Sator, the private equity fund of Matteo Arpe reportedly aims to change the governance boards of its portfolio company ePrice, the Milan listed e-commerce business, (See here a previous post by BeBeez). Sator holds 20.85% of ePrice, thatPaolo Ainio founded in 2006. The company has sales of 164 million euros, an ebitda of minus 8.8 million (minus 15.3 million yoy), a net loss of 14.6 million (24.7 million yoy). Sator lost 9 million of its initial investment of 21 million in ePrice. For this reason, Arpe now is asking for a strategic management change and aims to appoint as chairman Moshe Sade Bar, a senior partner of venture capital fund TA Capital, together with Francesca Sabatini, Francesca Luchi, Serenella Rossano, Giorgio Gabrielli (ceo of News 3.0, the publisher of online daily Lettera43, of which Sator owns 80% after having invested 0.5 million), Mariano Carozzi (chief innovation officer of Banca Profilo) and Giacomo Garbuglia. Arpe aims to implement a strategy of growth by M&A in view of creating a pan-european player in the field of the sale of white house appliances. Ainio, Pups, Vis Value Partecipazioni, Pietro Boroli, and Micheli Associati (that together own 32.34% of ePrice) propose as board members Roberto Mazzei, Pietro Boroli, Matteo Bruno Renzulli, Chiara Burberi, Pierluigi Bernasconi, Pietro Galli, Annunziata Melaccio, Roberta Vercellotti, Arabella Caporello, and Raul Stella.

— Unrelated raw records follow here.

theorem mainTheorem3:
  fixes p :: real and X :: "'i \<Rightarrow> real measure"
  assumes "p > 1"
    and "\<And>\<alpha>. positive_law (X \<alpha>)"
  shows "(\<exists>Y. positive_law Y \<and> finite_pth_moment p Y \<and> (\<forall>\<alpha>. icx_le (X \<alpha>) Y))
     \<longleftrightarrow> (\<exists>Z. real_law Z \<and> finite_pth_moment p Z \<and> (\<forall>\<alpha>. st_le (X \<alpha>) Z))"
proof -
  have X_law: "\<And>\<alpha>. real_law (X \<alpha>)"
    using assms(2) by (simp add: positive_law_def)
  show ?thesis
  proof
    assume "\<exists>Y. positive_law Y \<and> finite_pth_moment p Y \<and> (\<forall>\<alpha>. icx_le (X \<alpha>) Y)"
    then obtain Y where Y: "positive_law Y" "finite_pth_moment p Y" "\<forall>\<alpha>. icx_le (X \<alpha>) Y"
      by blast
    then have "real_law Y" by (simp add: positive_law_def)
    then show "\<exists>Z. real_law Z \<and> finite_pth_moment p Z \<and> (\<forall>\<alpha>. st_le (X \<alpha>) Z)"
      using icx_dominated_imp_st_dominated[OF assms(1) X_law _ Y(2,3)] by blast
  next
    assume "\<exists>Z. real_law Z \<and> finite_pth_moment p Z \<and> (\<forall>\<alpha>. st_le (X \<alpha>) Z)"
    then obtain Z where Z: "real_law Z" "finite_pth_moment p Z" "\<forall>\<alpha>. st_le (X \<alpha>) Z"
      by blast
    have "0 \<le> p" using assms(1) by simp
    then show "\<exists>Y. positive_law Y \<and> finite_pth_moment p Y \<and> (\<forall>\<alpha>. icx_le (X \<alpha>) Y)"
      using st_dominated_imp_icx_dominated[OF _ assms(2) Z] by blast
  qed
qed

end
(* Consider a market with $n$ buyers, $m$ items and $T$ time periods. Item $j$ has per-period supply $s_j^t\ge0$ and overall supply $s_j\ge0$. Buyer $i$ has budget $B_i\ge0$, valuations $v_{ij}\ge0$ and per-period demands $d_i^t\ge0$. For an allocation $x=(x_{ij}^t)\ge0$ let $u_i^t=\sum_j v_{ij}x_{ij}^t-d_i^t$. Let $x$ be an optimal solution of $$\max_{x\ge0}\sum_i B_i\cdot\frac1T\sum_t\log\Big(\sum_j v_{ij}x_{ij}^t-d_i^t\Big)\ \ \text{s.t.}\ \ \sum_i x_{ij}^t\le s_j^t\ \forall j,t;\qquad\sum_{t,i}x_{ij}^t\le s_j\ \forall j,$$ (where the program is assumed to have a feasible point with all $u_i^t>0$), with optimal dual variables $\lambda_j^t\ge0$ and $\lambda_j\ge0$ of the per-period and overall supply constraints satisfying the KKT conditions, and set $p_j^t=\lambda_j^t+\lambda_j$. Then for every buyer $i$, $$\sum_{t,j}x_{ij}^t p_j^t=B_i\Big[\frac1T\sum_t\Big(1+\frac{d_i^t}{u_i^t}\Big)\Big].$$ *)

theory Defs
  imports Complex_Main
begin

text \<open>Indices: buyers i < n, items j < m, periods t < T (all as nat).
  Allocation x i j t = x_{ij}^t; per-period supply st j t = s_j^t;
  overall supply s j; budget B i; valuation v i j; demand d i t = d_i^t.\<close>

definition util :: "nat \<Rightarrow> (nat \<Rightarrow> nat \<Rightarrow> real) \<Rightarrow> (nat \<Rightarrow> nat \<Rightarrow> real)
    \<Rightarrow> (nat \<Rightarrow> nat \<Rightarrow> nat \<Rightarrow> real) \<Rightarrow> nat \<Rightarrow> nat \<Rightarrow> real" where
  "util m v d x i t = (\<Sum>j<m. v i j * x i j t) - d i t"

text \<open>Feasible points of the program (inside the domain of the log objective,
  i.e. all utilities strictly positive).\<close>
definition feasible where
  "feasible n m T st s v d x \<longleftrightarrow>
     (\<forall>i<n. \<forall>j<m. \<forall>t<T. x i j t \<ge> 0) \<and>
     (\<forall>j<m. \<forall>t<T. (\<Sum>i<n. x i j t) \<le> st j t) \<and>
     (\<forall>j<m. (\<Sum>t<T. \<Sum>i<n. x i j t) \<le> s j) \<and>
     (\<forall>i<n. \<forall>t<T. util m v d x i t > 0)"

definition objective where
  "objective n m T B v d x = (\<Sum>i<n. B i * ((1 / real T) * (\<Sum>t<T. ln (util m v d x i t))))"

definition optimal where
  "optimal n m T st s B v d x \<longleftrightarrow> feasible n m T st s v d x \<and>
     (\<forall>y. feasible n m T st s v d y \<longrightarrow> objective n m T B v d y \<le> objective n m T B v d x)"

text \<open>KKT conditions for the (concave maximisation) program with multipliers
  lam j t for the per-period supply constraints, lamall j for the overall supply
  constraints, and mu i j t for the nonnegativity constraints x \<ge> 0.\<close>
definition KKT where
  "KKT n m T st s B v d x lam lamall \<longleftrightarrow>
     feasible n m T st s v d x \<and>
     (\<forall>j<m. \<forall>t<T. lam j t \<ge> 0) \<and> (\<forall>j<m. lamall j \<ge> 0) \<and>
     (\<exists>mu. (\<forall>i<n. \<forall>j<m. \<forall>t<T. mu i j t \<ge> 0 \<and> mu i j t * x i j t = 0 \<and>
              B i * (1 / real T) * v i j / util m v d x i t - lam j t - lamall j + mu i j t = 0)) \<and>
     (\<forall>j<m. \<forall>t<T. lam j t * (st j t - (\<Sum>i<n. x i j t)) = 0) \<and>
     (\<forall>j<m. lamall j * (s j - (\<Sum>t<T. \<Sum>i<n. x i j t)) = 0)"

end

theory Submission
  imports Defs
begin

text \<open>Stationarity of the KKT conditions says that the price
  \<open>p\<^sub>j\<^sup>t = \<lambda>\<^sub>j\<^sup>t + \<lambda>\<^sub>j\<close> equals \<open>B\<^sub>i v\<^sub>i\<^sub>j / (T u\<^sub>i\<^sup>t)\<close> up to a multiplier
  \<open>\<mu>\<^sub>i\<^sub>j\<^sup>t\<close> of the constraint \<open>x\<^sub>i\<^sub>j\<^sup>t \<ge> 0\<close>, and complementary slackness kills
  that multiplier wherever \<open>x\<^sub>i\<^sub>j\<^sup>t \<noteq> 0\<close>. Hence buyer \<open>i\<close> spends
  \<open>B\<^sub>i/(T u\<^sub>i\<^sup>t) \<Sum>\<^sub>j v\<^sub>i\<^sub>j x\<^sub>i\<^sub>j\<^sup>t = B\<^sub>i/(T u\<^sub>i\<^sup>t) (u\<^sub>i\<^sup>t + d\<^sub>i\<^sup>t)\<close> in period \<open>t\<close>;
  summing over the periods gives the claim.\<close>

lemma sum_spending_complementary_slackness:
  fixes x p v \<mu> :: "'a \<Rightarrow> real"
  assumes "\<And>j. j \<in> A \<Longrightarrow> p j = c * v j + \<mu> j"
    and "\<And>j. j \<in> A \<Longrightarrow> \<mu> j * x j = 0"
  shows "(\<Sum>j\<in>A. x j * p j) = c * (\<Sum>j\<in>A. v j * x j)"
proof -
  have "(\<Sum>j\<in>A. x j * p j) = (\<Sum>j\<in>A. c * (v j * x j))"
  proof (rule sum.cong[OF refl])
    fix j assume "j \<in> A"
    then have "x j * p j = c * (v j * x j) + \<mu> j * x j"
      using assms(1) by (simp add: algebra_simps)
    also have "\<dots> = c * (v j * x j)"
      using assms(2) \<open>j \<in> A\<close> by simp
    finally show "x j * p j = c * (v j * x j)" .
  qed
  then show ?thesis by (simp add: sum_distrib_left)
qed

lemma KKT_stationarity:
  assumes "KKT n m T st s B v d x lam lamall" and "i < n" and "t < T"
  obtains \<mu> :: "nat \<Rightarrow> real" where
    "\<And>j. j < m \<Longrightarrow> \<mu> j * x i j t = 0"
    "\<And>j. j < m \<Longrightarrow> lam j t + lamall j = B i / real T / util m v d x i t * v i j + \<mu> j"
proof -
  from assms(1) obtain \<mu> where \<mu>: "\<forall>i<n. \<forall>j<m. \<forall>t<T. \<mu> i j t \<ge> 0 \<and> \<mu> i j t * x i j t = 0 \<and>
      B i * (1 / real T) * v i j / util m v d x i t - lam j t - lamall j + \<mu> i j t = 0"
    unfolding KKT_def by blast
  show thesis
  proof (rule that[of "\<lambda>j. \<mu> i j t"])
    fix j assume "j < m"
    with \<mu> assms(2,3) show "\<mu> i j t * x i j t = 0"
      and "lam j t + lamall j = B i / real T / util m v d x i t * v i j + \<mu> i j t"
      by (auto simp: field_simps)
  qed
qed

lemma KKT_period_spending:
  assumes "KKT n m T st s B v d x lam lamall" and "i < n" and "t < T"
  shows "(\<Sum>j<m. x i j t * (lam j t + lamall j))
         = B i / real T * (1 + d i t / util m v d x i t)"
proof -
  let ?u = "util m v d x i t"
  have "feasible n m T st s v d x"
    using assms(1) unfolding KKT_def by simp
  with assms(2,3) have "?u > 0"
    unfolding feasible_def by simp
  obtain \<mu> where "\<And>j. j < m \<Longrightarrow> \<mu> j * x i j t = 0"
    and "\<And>j. j < m \<Longrightarrow> lam j t + lamall j = B i / real T / ?u * v i j + \<mu> j"
    using KKT_stationarity[OF assms] by blast
  then have "(\<Sum>j<m. x i j t * (lam j t + lamall j)) = B i / real T / ?u * (\<Sum>j<m. v i j * x i j t)"
    by (intro sum_spending_complementary_slackness) simp_all
  also have "(\<Sum>j<m. v i j * x i j t) = ?u + d i t"
    unfolding util_def by simp
  also have "B i / real T / ?u * (?u + d i t) = B i / real T * (1 + d i t / ?u)"
    using \<open>?u > 0\<close> by (simp add: field_simps)
  finally show ?thesis .
qed

theorem lemma3:
  fixes n m T :: nat
    and st :: "nat \<Rightarrow> nat \<Rightarrow> real" and s :: "nat \<Rightarrow> real"
    and B :: "nat \<Rightarrow> real" and v :: "nat \<Rightarrow> nat \<Rightarrow> real" and d :: "nat \<Rightarrow> nat \<Rightarrow> real"
    and x :: "nat \<Rightarrow> nat \<Rightarrow> nat \<Rightarrow> real"
    and lam :: "nat \<Rightarrow> nat \<Rightarrow> real" and lamall :: "nat \<Rightarrow> real"
  assumes "T > 0"
    and "\<forall>j<m. \<forall>t<T. st j t \<ge> 0" and "\<forall>j<m. s j \<ge> 0"
    and "\<forall>i<n. B i \<ge> 0" and "\<forall>i<n. \<forall>j<m. v i j \<ge> 0" and "\<forall>i<n. \<forall>t<T. d i t \<ge> 0"
    and "\<exists>y. feasible n m T st s v d y"
    and "optimal n m T st s B v d x"
    and "KKT n m T st s B v d x lam lamall"
    and "i < n"
  shows "(\<Sum>t<T. \<Sum>j<m. x i j t * (lam j t + lamall j))
         = B i * ((1 / real T) * (\<Sum>t<T. 1 + d i t / util m v d x i t))"
proof -
  have "(\<Sum>t<T. \<Sum>j<m. x i j t * (lam j t + lamall j))
        = (\<Sum>t<T. B i / real T * (1 + d i t / util m v d x i t))"
    using KKT_period_spending[OF assms(9,10)] by simp
  also have "\<dots> = B i * ((1 / real T) * (\<Sum>t<T. 1 + d i t / util m v d x i t))"
    by (simp add: sum_distrib_left)
  finally show ?thesis .
qed

end
(* Let $\Gamma_n$ ($n\in\mathbb N$) be a sequence of nonatomic routing games on a fixed graph with fixed OD pairs $\mathcal I$, path sets $\mathcal P^i$ and edge costs $(c_e)_{e\in\mathcal E}$, where in $\Gamma_n$ OD pair $i$ has demand $m_n^i\ge 0$, total inflow $M_n=\sum_i m_n^i>0$ with $M_n\to\omega\in\{0,\infty\}$, and relative inflows $\lambda_n^i=m_n^i/M_n$. Let $c$ be a benchmark for $(c_e)$ at $\omega$. Suppose the network is tight relative to $c$, i.e. $0<\max_{i\in\mathcal I}\alpha^i<\infty$, where $\alpha^i=\min_{p\in\mathcal P^i}\max_{e\in p}\alpha_e$ and $\alpha_e=\lim_{x\to\omega}c_e(x)/c(x)$, and that every OD pair is salient, i.e. $\liminf_{n\to\infty}\lambda_n^i>0$ for every $i\in\mathcal I$. Then $\mathrm{PoA}(\Gamma_n)\to 1$.
   Context: A nonatomic routing game consists of: a finite directed multigraph with edge set $\mathcal E$; a finite set $\mathcal I$ of OD pairs, each $i$ with demand $m^i\ge 0$ and a nonempty finite set $\mathcal P^i$ of paths from its origin to its destination, the $\mathcal P^i$ pairwise disjoint, $\mathcal P=\bigcup_i\mathcal P^i$; and continuous nondecreasing edge costs $c_e:[0,\infty)\to[0,\infty)$. Feasible flows: $f\in\mathbb R_+^{\mathcal P}$ with $\sum_{p\in\mathcal P^i}f_p=m^i$; loads $x_e=\sum_{p\ni e}f_p$; path costs $c_p(f)=\sum_{e\in p}c_e(x_e)$. A Wardrop equilibrium is a feasible $f^*$ with $c_p(f^* )\le c_{p'}(f^* )$ whenever $p,p'\in\mathcal P^i$, $f^*_p>0$. Social cost $L(x)=\sum_e x_ec_e(x_e)$; $\mathrm{Opt}$ its minimum over feasible loads, $\mathrm{Eq}=L(x^* )$ at an equilibrium load, $\mathrm{PoA}=\mathrm{Eq}/\mathrm{Opt}$ (set to $1$ if $\mathrm{Opt}=0$). A function $g:(0,\infty)\to(0,\infty)$ is regularly varying at $\omega$ if $\lim_{t\to\omega}g(tx)/g(t)$ is finite and nonzero for every $x>0$; a regularly varying (at $\omega$) function $c$ is a benchmark for $(c_e)$ at $\omega$ if $\alpha_e=\lim_{x\to\omega}c_e(x)/c(x)\in[0,\infty]$ exists for every edge $e$. *)

theory Defs
  imports Complex_Main "HOL-Library.Extended_Real" "HOL-Library.Liminf_Limsup"
begin

fun walk :: "('e \<Rightarrow> 'v) \<Rightarrow> ('e \<Rightarrow> 'v) \<Rightarrow> 'v \<Rightarrow> 'e list \<Rightarrow> 'v \<Rightarrow> bool" where
  "walk src tgt u [] v = (u = v)"
| "walk src tgt u (e # es) v = (src e = u \<and> walk src tgt (tgt e) es v)"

Società Agricola Ferrarini, a producer of parmigiano cheese, applied for receivership to Reggio Emilia Court (see here a previous post by BeBeez). The company has assets of 122 million euros and industrial machinery worth 29 million and had sales of 87 million euros in 2016, profits of 279k euros and debts for 69 millions. Gruppo Ferrarini, the owner of Società Agricola Ferrarini, had sales of 335 million in 2017, an ebitda of 29.5 million, and debts of 250 million.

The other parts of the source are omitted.